Стало тихо. Профессор Фаркаш вперил тяжелый взгляд в старческие морщины лингвиста. – У меня нынче праздник, сейдер, – проговорил он не сразу.
– Что за черт! – воскликнул старый лингвист. – Ты перешел в иудейскую веру?
Вокруг стола грохнул хохот. Тяжелые красные вина, поданные к мясу, уже сильно подмочили трезвость гостей, лица раскраснелись, старческие глаза хмельно блестели. Профессор Фаркаш подождал, пока стихнет хохот. – Еще не перешел, – выговорил он медленно, – но завтра перейду.

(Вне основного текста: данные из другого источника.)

lemma psi_matrix_delete_leaf:
  assumes G: "simple_graph V E" and leaf: "leaf E l u" and "i \<in> V - {l}" "j \<in> V - {l}"
  shows "psi_matrix V E i j
       = psi_matrix (V - {l}) (delete_vertex E l) i j + (if i = u \<and> j = u then [:0, -1:] else 0)"
proof -
  have "E i j \<longleftrightarrow> delete_vertex E l i j"
    using assms(3,4) unfolding delete_vertex_def by auto
  then show ?thesis
    unfolding psi_matrix_def using degree_delete_leaf[OF G leaf \<open>i \<in> V - {l}\<close>]
    by (auto simp: of_nat_Suc)
qed

lemma psi_matrix_leaf:
  assumes G: "simple_graph V E" and leaf: "leaf E l u"
  shows "psi_matrix V E l l = [:0, -1:]" "psi_matrix V E l u = 1" "psi_matrix V E u l = 1"
    "j \<notin> {l, u} \<Longrightarrow> psi_matrix V E l j = 0" "i \<notin> {l, u} \<Longrightarrow> psi_matrix V E i l = 0"
  using leafD[OF G leaf] degree_leaf[OF G leaf] unfolding psi_matrix_def by auto

lemma det_on_psi_matrix_delete_leaf:
  assumes G: "simple_graph V E" and leaf: "leaf E l u" and T: "T \<subseteq> V - {l}"
  shows "det_on T (psi_matrix V E) = det_on T (psi_matrix (V - {l}) (delete_vertex E l))
      + (if u \<in> T then [:0, -1:] * det_on (T - {u}) (psi_matrix (V - {l}) (delete_vertex E l)) else 0)"
proof -
  have entries: "psi_matrix V E i j
      = psi_matrix (V - {l}) (delete_vertex E l) i j + (if i = u \<and> j = u then [:0, -1:] else 0)"
    if "i \<in> T" "j \<in> T" for i j
    using psi_matrix_delete_leaf[OF G leaf, of i j] that T by blast
  show ?thesis
  proof (cases "u \<in> T")
    case True
    have "finite T"
      using simple_graphD(1)[OF G] T finite_subset by blast
    with True show ?thesis
      using det_on_add_diagonal[OF \<open>finite T\<close> True entries] by simp
  next
    case False
    then have "det_on T (psi_matrix V E) = det_on T (psi_matrix (V - {l}) (delete_vertex E l))"
      using entries by (intro det_on_cong) auto
    with False show ?thesis
      by simp
  qed
qed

– Браво, Зенон! – крикнул старый математик. Профессора снова закатились смехом. – Отлично, Зенон!.. Превосходно, Зенон! – слышалось со всех концов стола. – Но какая связь между твоим иудейством и этим пустующим стулом во главе стола? – спросил бывший ректор, кулаком отирая слезящиеся от смеха глаза. – Ха-ха-ха, это великолепно! Он переходит в иудейскую веру, ха-ха-ха! Да стул-то пустой здесь к чему, мой милый?
– Пророка Илью поджидаю, – сказал профессор Фаркаш.
Он встал, оперся кулаками о стол. – Почтенная соотечественница, почтенные соотечественники, – проговорил он, уставив глаза во главу стола. (– Так Илья пророк стал женского рода? – шепнул лингвист.) В связи с моим возвращением из Берлина я хотел бы сказать вам несколько слов. Четыре или пять дней назад перед Берлинским университетом, прямо на улице, у меня на глазах забили насмерть одного из самых одаренных моих слушателей, который, между прочим, был коммунистом. На следующий день последовало назначение Гитлера рейхсканцлером, очевидным образом легализировавшее этот дикий вид политического осуждения. Я взял свою шляпу, почтенные соотечественники, и вернулся домой. Что я не коммунист, в пояснениях не нуждается, за собственную драгоценную шкуру мне бояться не приходилось, более того, не приходилось опасаться, что от меня потребуют участия в избиении и уничтожении еще оставшихся в живых коммунистов. Но я не хочу быть даже просто свидетелем там, где логику мысли заменяют крайне бесчеловечной акцией: убийством. Почтенные соотечественники, я ученый, я хочу создавать.
Профессор на мгновение умолк и хмурым бычьим взглядом обвел гостей.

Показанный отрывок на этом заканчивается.